(Data excerpts)

--------------------------------------------------

(* Let $H$ be a fixed connected graph, $p_n,q_n\in(0,1)$, and for integers $r\ge1$ let $$\mathcal N_n(r)=\sum_{H_1,\dots,H_r\in\mathcal H_n}p_n^{|V(\bigcup_{a=1}^rH_a)|}q_n^{|E(\bigcup_{a=1}^rH_a)|}\mathbf 1\Big\{\textstyle\bigcup_{a=1}^rH_a\text{ is connected}\Big\}.$$ Then for every integer $r\ge2$, whenever $np_nq_n^{m(H)}\ge1$, $$\mathcal N_n(r)\lesssim_{H,r}\mathcal N_n(r-1)\sqrt{\mathcal N_n(2)}\,\big(np_nq_n^{m(H)}\big)^{-1/2}.$$
   Context: $\mathcal H_n$ is the collection of all labeled subgraphs of the complete graph $K_n$ on $\{1,\dots,n\}$ that are isomorphic to $H$. For graphs $F_1,F_2$, $F_1\cup F_2=(V(F_1)\cup V(F_2),E(F_1)\cup E(F_2))$. $m(H)=\max_{H_1\subseteq H}\frac{|E(H_1)|}{|V(H_1)|}$ over nonempty subgraphs $H_1$ of $H$. $\lesssim_{H,r}$ means up to a constant depending only on $H$ and $r$. *)

theory Defs
  imports Complex_Main "HOL-Library.FuncSet"
begin

type_synonym 'a graph = "'a set \<times> 'a set set"

definition is_graph :: "'a graph \<Rightarrow> bool" where
  "is_graph G \<longleftrightarrow> finite (fst G) \<and> (\<forall>e\<in>snd G. e \<subseteq> fst G \<and> card e = 2)"

definition connected_graph :: "'a graph \<Rightarrow> bool" where
  "connected_graph G \<longleftrightarrow> fst G \<noteq> {} \<and>
     (\<forall>u\<in>fst G. \<forall>v\<in>fst G. (\<lambda>x y. {x, y} \<in> snd G)\<^sup>*\<^sup>* u v)"

definition subgraph :: "'a graph \<Rightarrow> 'a graph \<Rightarrow> bool" where
  "subgraph G1 G \<longleftrightarrow> fst G1 \<subseteq> fst G \<and> snd G1 \<subseteq> snd G \<and> (\<forall>e\<in>snd G1. e \<subseteq> fst G1)"

definition graph_iso :: "'a graph \<Rightarrow> 'b graph \<Rightarrow> bool" where
  "graph_iso G G' \<longleftrightarrow> (\<exists>f. bij_betw f (fst G) (fst G') \<and> snd G' = (\<lambda>e. f ` e) ` snd G)"

definition max_density :: "'a graph \<Rightarrow> real" where
  "max_density H = Max {real (card (snd H1)) / real (card (fst H1)) | H1.
                         subgraph H1 H \<and> fst H1 \<noteq> {}}"

definition complete_graph :: "nat \<Rightarrow> nat graph" where
  "complete_graph n = ({1..n}, {e. e \<subseteq> {1..n} \<and> card e = 2})"
lemma many_glued_copies:
  "real (card EG) / 2 * (\<Prod>i<t. threshold i (real (card EG) / real n ^ 2) n)
     \<le> (\<Sum>\<sigma>\<in>(\<Pi>\<^sub>E i\<in>{..<t}. UNIV). real (copies (glue_V t V a b \<sigma>) (glue_E t E a b \<sigma>) VG EG))"
proof -
  define \<tau> where "\<tau> i = threshold i (real (card EG) / real n ^ 2) n" for i
  obtain Good where Good: "Good \<subseteq> EG" "real (card EG) / 2 \<le> real (card Good)"
    and well: "\<And>xy i C. xy \<in> Good \<Longrightarrow> i < t \<Longrightarrow> C \<subseteq> VG \<Longrightarrow> card C \<le> vertex_total \<Longrightarrow>
      C \<inter> xy = {} \<Longrightarrow> \<tau> i \<le> real (card (rooted_embeddings (V i) (E i) (a i) (b i) VG EG xy C))"
    using well_rooted_edges unfolding \<tau>_def by blast
  have "0 < real (card EG) / real n ^ 2"
    using dense_edges_nonempty graph_finite_edges[OF G(1)] G(3) by (simp add: card_gt_0_iff)
  then have \<tau>_pos: "0 < \<tau> i" if "i < t" for i unfolding \<tau>_def using threshold_pos that G(3) by blast
  have "0 \<le> (\<Prod>i<t. \<tau> i)" using \<tau>_pos by (intro prod_nonneg) (simp add: less_imp_le)
  with Good(2) have "real (card EG) / 2 * (\<Prod>i<t. \<tau> i) \<le> real (card Good) * (\<Prod>i<t. \<tau> i)"
    by (rule mult_right_mono)
  also have "\<dots> = (\<Sum>xy\<in>Good. \<Prod>i<t. \<tau> i)" by simp
  also have "\<dots> \<le> (\<Sum>xy\<in>Good. real (card (rooted_tuples t V E a b VG EG xy)))"
    using G finite_V well \<tau>_pos unfolding graph_def vertex_total_def
    by (intro sum_mono card_rooted_tuples_ge) (auto intro: less_imp_le)
  also have "\<dots> \<le> (\<Sum>\<sigma>\<in>(\<Pi>\<^sub>E i\<in>{..<t}. UNIV). real (copies (glue_V t V a b \<sigma>) (glue_E t E a b \<sigma>) VG EG))"
    using sum_card_rooted_tuples_le_sum_copies[OF G(1) Good(1)] by (simp flip: of_nat_sum)
  finally show ?thesis unfolding \<tau>_def .
qed

lemma dense_graph_contains_glued: "\<exists>\<sigma>. contains VG EG (glue_V t V a b \<sigma>) (glue_E t E a b \<sigma>)"
proof -
  have "0 < real (card EG) / real n ^ 2" "0 < real (card EG)"
    using dense_edges_nonempty graph_finite_edges[OF G(1)] G(3) by (simp_all add: card_gt_0_iff)
  moreover have "0 < (\<Prod>i<t. threshold i (real (card EG) / real n ^ 2) n)"
    using threshold_pos \<open>0 < real (card EG) / real n ^ 2\<close> G(3) by (intro prod_pos) blast
  ultimately have "0 < real (card EG) / 2 * (\<Prod>i<t. threshold i (real (card EG) / real n ^ 2) n)"
    by simp
  then have "0 < (\<Sum>\<sigma>\<in>(\<Pi>\<^sub>E i\<in>{..<t}. UNIV). real (copies (glue_V t V a b \<sigma>) (glue_E t E a b \<sigma>) VG EG))"
    using many_glued_copies by linarith
  then obtain \<sigma> where "0 < copies (glue_V t V a b \<sigma>) (glue_E t E a b \<sigma>) VG EG"
    using sum_nonpos[of "\<Pi>\<^sub>E i\<in>{..<t}. UNIV" "\<lambda>\<sigma>. real (copies (glue_V t V a b \<sigma>) (glue_E t E a b \<sigma>) VG EG)"]
    by (force simp: not_less)
  then have "embeddings (glue_V t V a b \<sigma>) (glue_E t E a b \<sigma>) VG EG \<noteq> {}"
    unfolding copies_def by auto
  then show ?thesis unfolding contains_def by blast
qed

end

lemma ex_glued_family_less:
  assumes "0 < n"
  shows "real (ex n (glued_family t V E a b)) < glued_A * real n powr (1 + exponent)"
proof (rule ex_less)
  have "glue_E t E a b \<sigma> \<noteq> {}" for \<sigma> using card_glue_E_ge[of \<sigma>] by auto
  then show "\<forall>H\<in>glued_family t V E a b. snd H \<noteq> {}" unfolding glued_family_def by auto
  fix EG assume "graph {0..<n} EG" "glued_A * real n powr (1 + exponent) \<le> real (card EG)"
  then show "\<exists>H\<in>glued_family t V E a b. contains {0..<n} EG (fst H) (snd H)"
    using dense_graph_contains_glued[of "{0..<n}" EG n] assms unfolding glued_family_def by auto
qed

--------------------------------------------------

▸ What is required
Using the entries above, please restate each one word for word.

▸ Exercise result
(* Let $H$ be a fixed connected graph, $p_n,q_n\in(0,1)$, and for integers $r\ge1$ let $$\mathcal N_n(r)=\sum_{H_1,\dots,H_r\in\mathcal H_n}p_n^{|V(\bigcup_{a=1}^rH_a)|}q_n^{|E(\bigcup_{a=1}^rH_a)|}\mathbf 1\Big\{\textstyle\bigcup_{a=1}^rH_a\text{ is connected}\Big\}.$$ Then for every integer $r\ge2$, whenever $np_nq_n^{m(H)}\ge1$, $$\mathcal N_n(r)\lesssim_{H,r}\mathcal N_n(r-1)\sqrt{\mathcal N_n(2)}\,\big(np_nq_n^{m(H)}\big)^{-1/2}.$$
   Context: $\mathcal H_n$ is the collection of all labeled subgraphs of the complete graph $K_n$ on $\{1,\dots,n\}$ that are isomorphic to $H$. For graphs $F_1,F_2$, $F_1\cup F_2=(V(F_1)\cup V(F_2),E(F_1)\cup E(F_2))$. $m(H)=\max_{H_1\subseteq H}\frac{|E(H_1)|}{|V(H_1)|}$ over nonempty subgraphs $H_1$ of $H$. $\lesssim_{H,r}$ means up to a constant depending only on $H$ and $r$. *)

theory Defs
  imports Complex_Main "HOL-Library.FuncSet"
begin

type_synonym 'a graph = "'a set \<times> 'a set set"

definition is_graph :: "'a graph \<Rightarrow> bool" where
  "is_graph G \<longleftrightarrow> finite (fst G) \<and> (\<forall>e\<in>snd G. e \<subseteq> fst G \<and> card e = 2)"

definition connected_graph :: "'a graph \<Rightarrow> bool" where
  "connected_graph G \<longleftrightarrow> fst G \<noteq> {} \<and>
     (\<forall>u\<in>fst G. \<forall>v\<in>fst G. (\<lambda>x y. {x, y} \<in> snd G)\<^sup>*\<^sup>* u v)"

definition subgraph :: "'a graph \<Rightarrow> 'a graph \<Rightarrow> bool" where
  "subgraph G1 G \<longleftrightarrow> fst G1 \<subseteq> fst G \<and> snd G1 \<subseteq> snd G \<and> (\<forall>e\<in>snd G1. e \<subseteq> fst G1)"

definition graph_iso :: "'a graph \<Rightarrow> 'b graph \<Rightarrow> bool" where
  "graph_iso G G' \<longleftrightarrow> (\<exists>f. bij_betw f (fst G) (fst G') \<and> snd G' = (\<lambda>e. f ` e) ` snd G)"

definition max_density :: "'a graph \<Rightarrow> real" where
  "max_density H = Max {real (card (snd H1)) / real (card (fst H1)) | H1.
                         subgraph H1 H \<and> fst H1 \<noteq> {}}"

definition complete_graph :: "nat \<Rightarrow> nat graph" where
  "complete_graph n = ({1..n}, {e. e \<subseteq> {1..n} \<and> card e = 2})"
lemma many_glued_copies:
  "real (card EG) / 2 * (\<Prod>i<t. threshold i (real (card EG) / real n ^ 2) n)
     \<le> (\<Sum>\<sigma>\<in>(\<Pi>\<^sub>E i\<in>{..<t}. UNIV). real (copies (glue_V t V a b \<sigma>) (glue_E t E a b \<sigma>) VG EG))"
proof -
  define \<tau> where "\<tau> i = threshold i (real (card EG) / real n ^ 2) n" for i
  obtain Good where Good: "Good \<subseteq> EG" "real (card EG) / 2 \<le> real (card Good)"
    and well: "\<And>xy i C. xy \<in> Good \<Longrightarrow> i < t \<Longrightarrow> C \<subseteq> VG \<Longrightarrow> card C \<le> vertex_total \<Longrightarrow>
      C \<inter> xy = {} \<Longrightarrow> \<tau> i \<le> real (card (rooted_embeddings (V i) (E i) (a i) (b i) VG EG xy C))"
    using well_rooted_edges unfolding \<tau>_def by blast
  have "0 < real (card EG) / real n ^ 2"
    using dense_edges_nonempty graph_finite_edges[OF G(1)] G(3) by (simp add: card_gt_0_iff)
  then have \<tau>_pos: "0 < \<tau> i" if "i < t" for i unfolding \<tau>_def using threshold_pos that G(3) by blast
  have "0 \<le> (\<Prod>i<t. \<tau> i)" using \<tau>_pos by (intro prod_nonneg) (simp add: less_imp_le)
  with Good(2) have "real (card EG) / 2 * (\<Prod>i<t. \<tau> i) \<le> real (card Good) * (\<Prod>i<t. \<tau> i)"
    by (rule mult_right_mono)
  also have "\<dots> = (\<Sum>xy\<in>Good. \<Prod>i<t. \<tau> i)" by simp
  also have "\<dots> \<le> (\<Sum>xy\<in>Good. real (card (rooted_tuples t V E a b VG EG xy)))"
    using G finite_V well \<tau>_pos unfolding graph_def vertex_total_def
    by (intro sum_mono card_rooted_tuples_ge) (auto intro: less_imp_le)
  also have "\<dots> \<le> (\<Sum>\<sigma>\<in>(\<Pi>\<^sub>E i\<in>{..<t}. UNIV). real (copies (glue_V t V a b \<sigma>) (glue_E t E a b \<sigma>) VG EG))"
    using sum_card_rooted_tuples_le_sum_copies[OF G(1) Good(1)] by (simp flip: of_nat_sum)
  finally show ?thesis unfolding \<tau>_def .
qed

lemma dense_graph_contains_glued: "\<exists>\<sigma>. contains VG EG (glue_V t V a b \<sigma>) (glue_E t E a b \<sigma>)"
proof -
  have "0 < real (card EG) / real n ^ 2" "0 < real (card EG)"
    using dense_edges_nonempty graph_finite_edges[OF G(1)] G(3) by (simp_all add: card_gt_0_iff)
  moreover have "0 < (\<Prod>i<t. threshold i (real (card EG) / real n ^ 2) n)"
    using threshold_pos \<open>0 < real (card EG) / real n ^ 2\<close> G(3) by (intro prod_pos) blast
  ultimately have "0 < real (card EG) / 2 * (\<Prod>i<t. threshold i (real (card EG) / real n ^ 2) n)"
    by simp
  then have "0 < (\<Sum>\<sigma>\<in>(\<Pi>\<^sub>E i\<in>{..<t}. UNIV). real (copies (glue_V t V a b \<sigma>) (glue_E t E a b \<sigma>) VG EG))"
    using many_glued_copies by linarith
  then obtain \<sigma> where "0 < copies (glue_V t V a b \<sigma>) (glue_E t E a b \<sigma>) VG EG"
    using sum_nonpos[of "\<Pi>\<^sub>E i\<in>{..<t}. UNIV" "\<lambda>\<sigma>. real (copies (glue_V t V a b \<sigma>) (glue_E t E a b \<sigma>) VG EG)"]
    by (force simp: not_less)
  then have "embeddings (glue_V t V a b \<sigma>) (glue_E t E a b \<sigma>) VG EG \<noteq> {}"
    unfolding copies_def by auto
  then show ?thesis unfolding contains_def by blast
qed

end

lemma ex_glued_family_less:
  assumes "0 < n"
  shows "real (ex n (glued_family t V E a b)) < glued_A * real n powr (1 + exponent)"
proof (rule ex_less)
  have "glue_E t E a b \<sigma> \<noteq> {}" for \<sigma> using card_glue_E_ge[of \<sigma>] by auto
  then show "\<forall>H\<in>glued_family t V E a b. snd H \<noteq> {}" unfolding glued_family_def by auto
  fix EG assume "graph {0..<n} EG" "glued_A * real n powr (1 + exponent) \<le> real (card EG)"
  then show "\<exists>H\<in>glued_family t V E a b. contains {0..<n} EG (fst H) (snd H)"
    using dense_graph_contains_glued[of "{0..<n}" EG n] assms unfolding glued_family_def by auto
qed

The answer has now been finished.